É preciso descrever as estéticas cinematográficas africanas e escrever a sua história, com base em uma moldura comparativa que deve ser incessantemente recolocada em questão, descrevendo estilos, mapeando recorrências e delimitando, aos poucos, autores, movimentos e tendências. À atenção às influências das estéticas cinematográficas clássicas (Hollywood e suas convenções de gênero, por exemplo), vanguardistas (a montagem soviética e seus sonhos revolucionários, por exemplo), modernas (o neo-realismo italiano e seu engajamento político-social, por exemplo) e contemporâneas (o pós-clássico e seus efeitos especiais, por exemplo), deve ser acrescentada a observação das transferências entre diferentes meios e formas culturais, com destaque para a importância da oralidade em incontáveis contextos culturais africanos, que deixa marcas sobre inúmeros filmes, constituindo o cinema como um outro tipo de griô (para dar um nome sintético provisório a uma figura tradicional presente em diversas partes da África, uma espécie de poeta contador de histórias). As características estéticas dos cinemas africanos – e, em especial, os recursos estilísticos dos cineastas que o realizam – devem ser situadas em relação às esferas linguísticas da francofonia, da anglofonia e da lusofonia, às influências estrangeiras e às áreas culturais nativas, sendo também inseridas nos contextos institucionais e associadas às formas da técnica que as constituem.

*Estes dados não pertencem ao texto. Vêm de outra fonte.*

(* Let $j\ge2$, $\lambda\in I_j$, $\theta\in(\mathbb R^d)^{j-1}$. (i) If $d=1$ and $\frac12<\alpha<2$, then $E[S_1^{-1/2}L^{(\alpha)}_j(\lambda,\theta)]<\infty$. (ii) If $d=1$ and $\frac32<\alpha<2$, or $d=2$ and $1<\alpha<2$, or $d=3$ and $\frac12<\alpha<2$, then $E[S_1^{-d/2}\{L^{(\alpha)}_j(\lambda,\theta)\}^2]<\infty$.
   Context: $\{S_t\}$ is the $\alpha/2$-stable subordinator ($S_0=0$, nondecreasing, stationary independent increments, $Ee^{-\lambda S_t}=e^{-t\lambda^{\alpha/2}}$). $I_j=\{0<\lambda_j<\dots<\lambda_1<1\}$; for $\lambda\in I_j$, $S^*_{\lambda_k-\lambda_{k+1}}=S_{\lambda_k-\lambda_j}-S_{\lambda_{k+1}-\lambda_j}$ ($1\le k\le j-1$). For $\theta=(\theta_1,\dots,\theta_{j-1})\in(\mathbb R^d)^{j-1}$, $\gamma_k=\theta_1+\dots+\theta_k$ and $L^{(\alpha)}_j(\lambda,\theta)=\sum_{k=1}^{j-1}S^*_{\lambda_k-\lambda_{k+1}}|\gamma_k|^2-S_1^{-1}|\sum_{k=1}^{j-1}S^*_{\lambda_k-\lambda_{k+1}}\gamma_k|^2$. *)

theory Defs
  imports "HOL-Probability.Probability"
begin

text \<open>An (beta)-stable subordinator on a probability space M, with Laplace exponent
  E exp(-l S_t) = exp(-t l^beta).  In the paper beta = alpha/2.\<close>
definition stable_subordinator :: "'w measure \<Rightarrow> (real \<Rightarrow> 'w \<Rightarrow> real) \<Rightarrow> real \<Rightarrow> bool" where
  "stable_subordinator M S \<beta> \<longleftrightarrow>
     prob_space M \<and>
     (\<forall>t\<ge>0. S t \<in> borel_measurable M) \<and>
     (\<forall>\<omega>\<in>space M. S 0 \<omega> = 0 \<and> mono_on {0..} (\<lambda>t. S t \<omega>)) \<and>
     (\<forall>s t. 0 \<le> s \<longrightarrow> s \<le> t \<longrightarrow>
        distr M borel (\<lambda>\<omega>. S t \<omega> - S s \<omega>) = distr M borel (S (t - s))) \<and>
     (\<forall>(n::nat) (\<tau>::nat \<Rightarrow> real). 0 \<le> \<tau> 0 \<longrightarrow> (\<forall>i<n. \<tau> i \<le> \<tau> (Suc i)) \<longrightarrow>
        prob_space.indep_vars M (\<lambda>_. borel) (\<lambda>i \<omega>. S (\<tau> (Suc i)) \<omega> - S (\<tau> i) \<omega>) {..<n}) \<and>
     (\<forall>t\<ge>0. \<forall>l\<ge>0. prob_space.expectation M (\<lambda>\<omega>. exp (- l * S t \<omega>)) = exp (- t * l powr \<beta>))"

definition I_set :: "nat \<Rightarrow> (nat \<Rightarrow> real) set" where
  "I_set j = {lam. 0 < lam j \<and> lam 1 < 1 \<and> (\<forall>k\<in>{1..<j}. lam (Suc k) < lam k)}"

text \<open>S*_{lam_k - lam_{k+1}} = S_{lam_k - lam_j} - S_{lam_{k+1} - lam_j}.\<close>
definition Sstar :: "(real \<Rightarrow> 'w \<Rightarrow> real) \<Rightarrow> nat \<Rightarrow> (nat \<Rightarrow> real) \<Rightarrow> nat \<Rightarrow> 'w \<Rightarrow> real" where
  "Sstar S j lam k \<omega> = S (lam k - lam j) \<omega> - S (lam (Suc k) - lam j) \<omega>"

definition gam :: "(nat \<Rightarrow> 'v::real_vector) \<Rightarrow> nat \<Rightarrow> 'v" where
  "gam \<theta> k = (\<Sum>i=1..k. \<theta> i)"

definition Lalpha :: "(real \<Rightarrow> 'w \<Rightarrow> real) \<Rightarrow> nat \<Rightarrow> (nat \<Rightarrow> real) \<Rightarrow> (nat \<Rightarrow> real^'d) \<Rightarrow> 'w \<Rightarrow> real" where
  "Lalpha S j lam \<theta> \<omega> =
     (\<Sum>k=1..<j. Sstar S j lam k \<omega> * (norm (gam \<theta> k))\<^sup>2)
     - inverse (S 1 \<omega>) * (norm (\<Sum>k=1..<j. Sstar S j lam k \<omega> *\<^sub>R gam \<theta> k))\<^sup>2"

end

theory Submission
  imports Defs
begin

(*
  Cut [0,1] at the times 0 < lam_{j-1} - lam_j < ... < lam_1 - lam_j < 1; the j increments
  x_i of S over the pieces are independent, sum to S_1, and every S*_{lam_k - lam_{k+1}} is
  one of them.  Hence L is a weighted dispersion of the vectors gamma_k with weights x_i, and
     S_1 L = 1/2 sum_{a,b} x_a x_b |h_a - h_b|^2 <= 2G sum_{a <> b} x_a x_b,  G = sum_k |gamma_k|^2.
  As x_a <= S_1, the negative powers of S_1 in the claim are absorbed into products
  x_a^p x_b^p over distinct pairs (p = 1/4 in (i), p = (4 - d)/4 in (ii)), whose expectations
  factorise by independence.  Each factor is finite because a nonnegative X with Laplace
  transform exp(-t l^beta) has E[X^q] < infinity for q < beta = alpha/2.
  The file proves, in order: this moment bound, its consequences for subordinator increments,
  the algebraic dispersion bounds, the rewriting of L through the increments, and finally
  the two parts of the corollary.
*)

section \<open>Fractional moments from the Laplace transform\<close>

text \<open>A pointwise dyadic majorant of \<open>x powr q\<close>: on \<open>2^(n-1) < x \<le> 2^n\<close> the n-th term
  alone dominates, since there \<open>1 - exp (-x/2^n) \<ge> 1/3\<close>.\<close>
lemma powr_le_dyadic_series:
  fixes x q :: real
  assumes "0 \<le> x" "0 < q"
  shows "ennreal (x powr q) \<le> 1 + (\<Sum>n. ennreal (3 * (2 powr q)^n * (1 - exp (- ((1/2)^n) * x))))"
proof (cases "x \<le> 1")
  case True
  then have "x powr q \<le> 1"
    using assms powr_mono2[of q x 1] by simp
  then show ?thesis
    by (simp add: ennreal_le_1 add_increasing2)
next
  case False
  define n where "n = (LEAST n. x \<le> (2::real)^n)"
  have "\<exists>n. x \<le> (2::real)^n"
    using real_arch_pow[of 2 x] by (auto intro: less_imp_le)
  then have xn: "x \<le> 2^n"
    unfolding n_def by (rule LeastI_ex)
  have n0: "n \<noteq> 0"
    using xn False by (cases n) auto
  have "\<not> x \<le> 2^(n-1)"
    using n0 not_less_Least[of "n-1" "\<lambda>n. x \<le> (2::real)^n"] by (auto simp: n_def)
  then have "2^n < 2*x"
    using n0 by (cases n) auto
  then have half: "(1/2)^n * x > 1/2"
    by (simp add: power_one_over field_simps)
  have "1 + 1/2 \<le> exp (1/2::real)"
    using exp_ge_add_one_self[of "1/2"] by simp
  then have "exp (-(1/2::real)) \<le> 2/3"
    by (simp add: exp_minus field_simps)
  moreover have "exp (- ((1/2)^n) * x) \<le> exp (-(1/2::real))"
    using half by simp
  ultimately have "exp (- ((1/2)^n) * x) \<le> 2/3"
    by linarith
  then have third: "1 \<le> 3 * (1 - exp (- ((1/2)^n) * x))"
    by (simp add: algebra_simps)
  have "x powr q \<le> (2^n) powr q"
    using xn assms by (simp add: powr_mono2)
  also have "\<dots> = (2 powr q)^n"
    by (simp add: powr_realpow[symmetric] powr_powr mult.commute)
  also have "\<dots> \<le> (2 powr q)^n * (3 * (1 - exp (- ((1/2)^n) * x)))"
    using mult_left_mono[OF third, of "(2 powr q)^n"] by simp
  finally have "ennreal (x powr q) \<le> ennreal (3 * (2 powr q)^n * (1 - exp (- ((1/2)^n) * x)))"
    by (intro ennreal_leI) (simp add: algebra_simps)
  also have "\<dots> \<le> (\<Sum>n. ennreal (3 * (2 powr q)^n * (1 - exp (- ((1/2)^n) * x))))"
    using sum_le_suminf[of "\<lambda>n. ennreal (3 * (2 powr q)^n * (1 - exp (- ((1/2)^n) * x)))" "{n}"]
    by simp
  finally show ?thesis
    by (simp add: add_increasing)
qed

É como uma contribuição à descrição das estéticas cinematográficas africanas que deve ser encarada a experiência de análise crítica dos filmes que proponho. Sem obedecer a uma ordem pré-estabelecida (seja cronológica, seja geográfica, seja de outro tipo), sem pretender esgotar as referências (a literatura sobre o assunto é vasta, sobretudo em inglês e em francês), sem pretender ser exaustiva na enumeração dos filmes (que permanecem de difícil acesso na maioria dos casos, o que torna fundamentais iniciativas como o blog CineÁfrica), a análise crítica dos filmes deve, entretanto, possibilitar que os cinemas africanos comecem a tomar corpo, contribuindo, talvez, para a imensa tarefa política da descolonização da mente.

Texto publicado em 21/03/2011 no Amálgama.